これにより、シートの寿命が延び、性能が安定します。
放熱ゴムシートの製造プロセス
配合設計が完了した後、シートは成形プロセスを経て製造されます。
一般的な製造方法には、押出成形、射出成形、カレンダー成形などがあります。
これらのプロセスは、シートの厚さや形状に応じて選択されます。
文章ですとわかりづらいので下記の図にて説明いたします。
※本記事はゴム業界の皆様向けに執筆しておりますので、「放熱ゴムシート」特有の
工程に関して特化して図式化いたしました。
この図を確認していただくと
ざっくりとですが「放熱ゴムシート」の製造プロセスが理解できるのではないかと思います。
放熱ゴムシートの基本特性
放熱ゴムシートの基本特性をまとめると下記の4つにまとめる事ができます。
- 熱伝導性: 高い熱伝導率を持つ材料が使用され、熱を迅速に拡散します。
- 柔軟性: ゴムの特性により、さまざまな形状に適応できる柔軟性があります。
- 耐久性: 耐熱性や耐候性に優れ、長期間の使用に耐えます。
- 絶縁性: 電気絶縁性を持ち、電子機器に安全に使用できます。
それぞれ詳細を解説していきます。
熱伝導性
放熱ゴムシートは、電子機器の熱管理において重要な役割を果たす材料です。
発熱体と冷却部(ヒートシンク)との間に挟むことで、熱を効率的に伝導し、
機器の性能と信頼性を向上させます。
放熱ゴムシートの熱伝導性は、
主にシリコーン系樹脂に高熱伝導性フィラーを添加することで実現されています。
例えば、アルミナや窒化ホウ素などのフィラーを使用することで、熱伝導率を10 W/mK以上に引き上げることが可能です。
最近の研究では、金属並みの11 W/mKという高い熱伝導率を持つ新しいタイプの放熱ゴムシートも開発されています。
柔軟性
放熱ゴムシートは、一般的にシリコーン系の材料で構成されており、柔軟性が高いことが特徴です。
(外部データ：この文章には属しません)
(* Let $\Psi$ be a well-formed declarative context and $\tau$ a monotype. (i) If $\Psi\vdash A\le\tau$ then $\tau$ does not occur inside an arrow in $A$. (ii) If $\Psi\vdash\tau\le B$ then $\tau$ does not occur inside an arrow in $B$.
   Context: Types $A,B ::= 1\mid\alpha\mid\forall\alpha.A\mid A\to B$; monotypes $\tau ::= 1\mid\alpha\mid\tau\to\tau'$. Declarative contexts $\Psi ::= \cdot\mid\Psi,\alpha\mid\Psi,x:A$. Well-formedness $\Psi\vdash A$: all free type variables of $A$ are declared in $\Psi$. Declarative subtyping $\Psi\vdash A\le B$ is the least relation with: $\alpha\in\Psi\Rightarrow\Psi\vdash\alpha\le\alpha$; $\Psi\vdash1\le1$; ($\Psi\vdash B_1\le A_1$, $\Psi\vdash A_2\le B_2$) $\Rightarrow\Psi\vdash A_1\to A_2\le B_1\to B_2$; ($\Psi\vdash\sigma$ monotype, $\Psi\vdash[\sigma/\alpha]A\le B$) $\Rightarrow\Psi\vdash\forall\alpha.A\le B$; ($\Psi,\beta\vdash A\le B$) $\Rightarrow\Psi\vdash A\le\forall\beta.B$. $A$ is a subterm of $B$ if $A$ occurs syntactically in $B$ (including $A=B$). $A$ occurs inside an arrow in $B$ iff there exist $B_1,B_2$ such that $B_1\to B_2$ is a subterm of $B$ and $A$ is a subterm of $B_1$ or of $B_2$. *)

theory Defs
  imports Main
begin

datatype ty = TUnit | TVar nat | TForall nat ty | TArr ty ty

fun monotype :: "ty \<Rightarrow> bool" where
  "monotype TUnit = True"
| "monotype (TVar a) = True"
| "monotype (TForall a A) = False"
| "monotype (TArr A B) = (monotype A \<and> monotype B)"

fun ftv :: "ty \<Rightarrow> nat set" where
  "ftv TUnit = {}"
| "ftv (TVar a) = {a}"
| "ftv (TForall a A) = ftv A - {a}"
| "ftv (TArr A B) = ftv A \<union> ftv B"

fun allv :: "ty \<Rightarrow> nat set" where
  "allv TUnit = {}"
| "allv (TVar a) = {a}"
| "allv (TForall a A) = insert a (allv A)"
| "allv (TArr A B) = allv A \<union> allv B"

lemma finite_allv: "finite (allv A)"
  by (induction A) auto

lemma finite_ftv: "finite (ftv A)"
  by (induction A) auto

text \<open>Naive (non capture-avoiding) renaming, only used with a fresh target name.\<close>
fun rename :: "nat \<Rightarrow> nat \<Rightarrow> ty \<Rightarrow> ty" where
  "rename b c TUnit = TUnit"
| "rename b c (TVar a) = TVar (if a = b then c else a)"
| "rename b c (TForall a A) = (if a = b then TForall a A else TForall a (rename b c A))"
| "rename b c (TArr A B) = TArr (rename b c A) (rename b c B)"

lemma size_rename[simp]: "size (rename b c A) = size A"
  by (induction A) auto

definition fresh :: "nat set \<Rightarrow> nat" where
  "fresh S = Suc (Max (insert 0 S))"

text \<open>Capture-avoiding substitution \<open>[s/a]A\<close>, written \<open>subst s a A\<close>.\<close>
function subst :: "ty \<Rightarrow> nat \<Rightarrow> ty \<Rightarrow> ty" where
  "subst s a TUnit = TUnit"
| "subst s a (TVar b) = (if b = a then s else TVar b)"
| "subst s a (TForall b A) =
     (if b = a then TForall b A
      else if b \<in> ftv s then
        (let c = fresh (allv A \<union> ftv s \<union> {a, b}) in TForall c (subst s a (rename b c A)))
      else TForall b (subst s a A))"
| "subst s a (TArr A B) = TArr (subst s a A) (subst s a B)"
  by pat_completeness auto
termination
  by (relation "measure (\<lambda>(s, a, A). size A)") auto

text \<open>Declarative contexts, extended on the right.\<close>
datatype centry = CTV nat | CV string ty

fun ctvars :: "centry list \<Rightarrow> nat set" where
  "ctvars [] = {}"
| "ctvars (CTV a # G) = insert a (ctvars G)"
| "ctvars (CV x A # G) = ctvars G"

fun cvars :: "centry list \<Rightarrow> string set" where
  "cvars [] = {}"
| "cvars (CTV a # G) = cvars G"
| "cvars (CV x A # G) = insert x (cvars G)"

definition wf_typ :: "centry list \<Rightarrow> ty \<Rightarrow> bool" where
  "wf_typ G A \<longleftrightarrow> ftv A \<subseteq> ctvars G"

inductive wf_ctx :: "centry list \<Rightarrow> bool" where
  wf_nil: "wf_ctx []"
| wf_tv: "wf_ctx G \<Longrightarrow> a \<notin> ctvars G \<Longrightarrow> wf_ctx (G @ [CTV a])"
| wf_v: "wf_ctx G \<Longrightarrow> x \<notin> cvars G \<Longrightarrow> wf_typ G A \<Longrightarrow> wf_ctx (G @ [CV x A])"

inductive sub :: "centry list \<Rightarrow> ty \<Rightarrow> ty \<Rightarrow> bool" where
  sub_var: "a \<in> ctvars G \<Longrightarrow> sub G (TVar a) (TVar a)"
| sub_unit: "sub G TUnit TUnit"
| sub_arr: "sub G B1 A1 \<Longrightarrow> sub G A2 B2 \<Longrightarrow> sub G (TArr A1 A2) (TArr B1 B2)"
| sub_alll: "wf_typ G s \<Longrightarrow> monotype s \<Longrightarrow> sub G (subst s a A) B \<Longrightarrow> sub G (TForall a A) B"
| sub_allr: "sub (G @ [CTV b]) A B \<Longrightarrow> sub G A (TForall b B)"

fun subterms :: "ty \<Rightarrow> ty set" where
  "subterms TUnit = {TUnit}"
| "subterms (TVar a) = {TVar a}"
| "subterms (TForall a A) = insert (TForall a A) (subterms A)"
| "subterms (TArr A B) = insert (TArr A B) (subterms A \<union> subterms B)"

definition occurs_in_arrow :: "ty \<Rightarrow> ty \<Rightarrow> bool" where
  "occurs_in_arrow A B \<longleftrightarrow>
     (\<exists>B1 B2. TArr B1 B2 \<in> subterms B \<and> (A \<in> subterms B1 \<or> A \<in> subterms B2))"

end

theory Submission
  imports Defs
begin

text \<open>Measure types by the size of their quantifier-free skeleton. Instantiating a quantifier
  never shrinks this size, so by induction on subtyping derivations a subtype of a monotype
  is no larger than it, and a supertype of a monotype is no larger than it either (the two
  claims must be proved together because of the contravariant arrow rule). A type occurring
  inside an arrow of \<open>A\<close> is strictly smaller than \<open>A\<close>, so a monotype cannot occur inside an
  arrow of a type it is related to.\<close>

fun erased_size :: "ty \<Rightarrow> nat" where
  "erased_size TUnit = 1"
| "erased_size (TVar a) = 1"
| "erased_size (TForall a A) = erased_size A"
| "erased_size (TArr A B) = erased_size A + erased_size B + 1"

lemma erased_size_pos: "erased_size A \<ge> 1"
  by (induction A) auto

lemma erased_size_rename [simp]: "erased_size (rename b c A) = erased_size A"
  by (induction A) auto

lemma erased_size_le_subst: "erased_size A \<le> erased_size (subst s a A)"
proof (induction s a A rule: subst.induct)
  case (2 s a b)
  then show ?case using erased_size_pos[of s] by auto
next
  case (3 s a b A)
  then show ?case by (auto simp: Let_def)
qed auto

lemma sub_erased_size_monotype:
  assumes "sub G A B"
  shows "(monotype B \<longrightarrow> erased_size A \<le> erased_size B)
       \<and> (monotype A \<longrightarrow> erased_size B \<le> erased_size A)"
  using assms
proof (induction rule: sub.induct)
  case (sub_alll G s a A B)
  then show ?case using erased_size_le_subst[of A s a] by auto
qed auto

lemma erased_size_subterm_le: "C \<in> subterms D \<Longrightarrow> erased_size C \<le> erased_size D"
  by (induction D) auto

lemma occurs_in_arrow_erased_size_less:
  assumes "occurs_in_arrow C D"
  shows "erased_size C < erased_size D"
proof -
  obtain B1 B2 where arr: "TArr B1 B2 \<in> subterms D"
    and C_in: "C \<in> subterms B1 \<or> C \<in> subterms B2"
    using assms unfolding occurs_in_arrow_def by blast
  have "erased_size C < erased_size (TArr B1 B2)"
    using C_in erased_size_subterm_le[of C B1] erased_size_subterm_le[of C B2] by auto
  also have "\<dots> \<le> erased_size D"
    using erased_size_subterm_le[OF arr] .
  finally show ?thesis .
qed

theorem mainTheorem14:
  assumes "wf_ctx G" and "monotype t"
  shows "(\<forall>A. sub G A t \<longrightarrow> \<not> occurs_in_arrow t A)
       \<and> (\<forall>B. sub G t B \<longrightarrow> \<not> occurs_in_arrow t B)"
proof (intro conjI allI impI notI)
  fix A
  assume "sub G A t" and "occurs_in_arrow t A"
  then show False
    using assms(2) sub_erased_size_monotype occurs_in_arrow_erased_size_less by fastforce
next
  fix B
  assume "sub G t B" and "occurs_in_arrow t B"
  then show False
    using assms(2) sub_erased_size_monotype occurs_in_arrow_erased_size_less by fastforce
qed

end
この柔軟性は、以下の5つの要因によって実現されています。
材料の特性
放熱ゴムは、熱伝導性を持ちながらも柔軟なゴム素材で作られています。
シリコーンゴムはその特性上、温度変化に対しても柔軟性を維持しやすく、
圧縮や伸展に対しても優れた耐久性を示します。
このため、発熱体と冷却部材との間に密着しやすく、熱抵抗を低減することができます。
圧縮特性
放熱ゴムシートは、圧縮されることでその厚みを半分以下にまで減少させることが可能です。
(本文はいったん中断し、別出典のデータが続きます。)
text \<open>The Gauss equation \<open>K = det II / det I\<close>, written with the unnormalised normal.\<close>

lemma gauss_curv_eq_nvec:
  assumes x: "x \<in> U"
  shows "gauss_curv f x = ((pd 1 (pd 1 f) x \<bullet> nvec f x) * (pd 2 (pd 2 f) x \<bullet> nvec f x)
    - (pd 1 (pd 2 f) x \<bullet> nvec f x)\<^sup>2) / (gdet f x)\<^sup>2"
proof -
  \<comment> \<open>Folding the inner products into atoms keeps the final \<open>algebra\<close> call tractable.\<close>
  define g11 where "g11 = pd 1 f x \<bullet> pd 1 f x"
  define g12 where "g12 = pd 1 f x \<bullet> pd 2 f x"
  define g22 where "g22 = pd 2 f x \<bullet> pd 2 f x"
  define p111 where "p111 = pd 1 f x \<bullet> pd 1 (pd 1 f) x"
  define p112 where "p112 = pd 1 (pd 1 f) x \<bullet> pd 2 f x"
  define p121 where "p121 = pd 1 f x \<bullet> pd 1 (pd 2 f) x"
  define p122 where "p122 = pd 2 f x \<bullet> pd 1 (pd 2 f) x"
  define p221 where "p221 = pd 1 f x \<bullet> pd 2 (pd 2 f) x"
  define p222 where "p222 = pd 2 f x \<bullet> pd 2 (pd 2 f) x"
  define q1 where "q1 = pd 1 (pd 1 f) x \<bullet> pd 2 (pd 2 f) x"
  define q2 where "q2 = pd 1 (pd 2 f) x \<bullet> pd 1 (pd 2 f) x"
  define q3 where "q3 = pd 1 (pd 2 f) x \<bullet> pd 2 (pd 2 f) x"
  define q4 where "q4 = pd 1 (pd 1 f) x \<bullet> pd 1 (pd 2 f) x"
  define t1 where "t1 = pd 1 f x \<bullet> pd 1 (pd 2 (pd 2 f)) x"
  define t2 where "t2 = pd 2 f x \<bullet> pd 1 (pd 2 (pd 2 f)) x"
  define t3 where "t3 = pd 1 f x \<bullet> pd 1 (pd 1 (pd 2 f)) x"
  define t4 where "t4 = pd 2 f x \<bullet> pd 1 (pd 1 (pd 2 f)) x"
  define Dv where "Dv = g11 * g22 - g12 * g12"
  have Dn: "Dv \<noteq> 0"
    using gdet_pos[OF x] gdet_eq[of f x] by (simp add: Dv_def g11_def g12_def g22_def power2_eq_square)
  show ?thesis
  using x apply (simp add: gauss_curv_def riem_def sum_2 pd_christoffel christoffel_eq det_metric)
  apply (simp add: adjugate2_def)
  apply (simp add: pd_rules differentiable_f differentiable_pd_f differentiable_pd2_f differentiable_pd3_f
      differentiable_gdet differentiable_nvec gdet_pos less_imp_neq[OF gdet_pos, symmetric] pd_gdet pd_nvec
      mixed_pd_f_sorted)
  apply (simp only: power2_eq_square inner_cross3_mult_inner_cross3 nvec_def inner_add_right dot_cross gdet_eq)
  apply (simp only: inner_commute)
  apply (simp only: g11_def[symmetric] g12_def[symmetric] g22_def[symmetric] p111_def[symmetric]
      p112_def[symmetric] p121_def[symmetric] p122_def[symmetric] p221_def[symmetric] p222_def[symmetric]
      q1_def[symmetric] q2_def[symmetric] q3_def[symmetric] q4_def[symmetric]
      t1_def[symmetric] t2_def[symmetric] t3_def[symmetric] t4_def[symmetric])
  apply (simp only: Dv_def[symmetric])
  using Dn apply (simp add: field_simps)
  apply (simp only: Dv_def)
  apply algebra
  done
qed

lemma mean_curv_eq_num:
  assumes y: "y \<in> U"
  shows "mean_curv f y = mean_curv_num f y / (gdet f y * sqrt (gdet f y))"
  using y pd2_f_commute[OF y, of 2 1] gdet_pos[OF y] sqrt_gdet_pos[OF y]
  by (simp add: mean_curv_def sum_2 ginv_nth sff_def normal_eq_nvec adjugate2_def mean_curv_num_def
      field_simps inner_commute sqrt_gdet_mult_self)

end

section \<open>The height function and the flux of \<open>W\<close>\<close>

definition nvec_horiz_sq :: "(real^2 \<Rightarrow> real^3) \<Rightarrow> real^2 \<Rightarrow> real" where
  "nvec_horiz_sq f y = (nvec f y $ 1)\<^sup>2 + (nvec f y $ 2)\<^sup>2"

text \<open>For a translating soliton \<open>flux f i\<close> is the \<open>i\<close>-th component of \<open>vol f \<cdot> W\<close>, so that
\<open>div W\<close> is \<open>(\<partial>\<^sub>1 flux\<^sub>1 + \<partial>\<^sub>2 flux\<^sub>2) / vol\<close>.\<close>

definition flux_num :: "(real^2 \<Rightarrow> real^3) \<Rightarrow> 2 \<Rightarrow> real^2 \<Rightarrow> real" where
  "flux_num f i y =
     (if i = 1 then (pd 2 (pd 2 f) y \<bullet> nvec f y) * (pd 1 f y $ 3) - (pd 1 (pd 2 f) y \<bullet> nvec f y) * (pd 2 f y $ 3)
      else (pd 1 (pd 1 f) y \<bullet> nvec f y) * (pd 2 f y $ 3) - (pd 1 (pd 2 f) y \<bullet> nvec f y) * (pd 1 f y $ 3))"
この圧縮特性により、凹凸のある表面にも密着しやすく、
発熱体からの熱を効率的に逃がすことができます。
圧縮時には、空気のギャップを埋めることで熱伝導率が向上し、冷却効果が高まります。
振動吸収力
柔軟な材料であるため、放熱ゴムシートは振動を吸収する能力にも優れています。これにより、電子機器や自動車部品などで発生する振動から内部コンポーネントを保護し、
信頼性を向上させる役割も果たします。
加工性
放熱ゴムシートは加工が容易であり、様々な形状やサイズにカスタマイズすることができます。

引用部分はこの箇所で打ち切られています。